INFORMATION SUPPLIED ▸

(* Let $a<b$ be real numbers and let $\varphi$ be a function holomorphic on the strip $D(a,b)=\{s\in\mathbb{C}: a<\Re s<b\}$. Suppose $\varphi$ is strongly universal in $D(a,b)$, i.e. for every compact set $K\subset D(a,b)$ with connected complement, every $f\in H^c(K)$ and every $\varepsilon>0$, $$\liminf_{T\to\infty}\frac{1}{T}\,\mathrm{meas}\Big\{\tau\in[0,T]\;:\;\sup_{s\in K}|\varphi(s+i\tau)-f(s)|<\varepsilon\Big\}>0 .$$ Then for any real $\sigma_1,\sigma_2$ with $a<\sigma_1<\sigma_2<b$ there exist constants $C>0$ and $T_0>0$ such that $$N(T;\sigma_1,\sigma_2;\varphi)\ge C\,T\qquad\text{for all } T\ge T_0 .$$
   Context: $H^c(K)$ denotes the set of complex-valued functions that are continuous on $K$ and holomorphic in the interior of $K$. $\mathrm{meas}$ denotes Lebesgue measure. For a function $\varphi$ holomorphic on $D(a,b)$ and $a<\sigma_1<\sigma_2<b$, $N(T;\sigma_1,\sigma_2;\varphi)$ denotes the number of zeros $\rho$ of $\varphi$ (counted with multiplicity) satisfying $\sigma_1\le\Re\rho\le\sigma_2$ and $0\le\Im\rho\le T$. *)

theory Defs
  imports "HOL-Analysis.Analysis"
begin

definition strip :: "real \<Rightarrow> real \<Rightarrow> complex set" where
  "strip a b = {s. a < Re s \<and> Re s < b}"

definition Hc :: "complex set \<Rightarrow> (complex \<Rightarrow> complex) set" where
  "Hc K = {f. continuous_on K f \<and> f holomorphic_on interior K}"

TASK TO CARRY OUT ▸ Every line in the records above with the string "Rightarrow" in it should be shown.

WRITTEN ANSWER ▸
definition strip :: "real \<Rightarrow> real \<Rightarrow> complex set" where
definition Hc :: "complex set \<Rightarrow> (complex \<Rightarrow> complex) set" where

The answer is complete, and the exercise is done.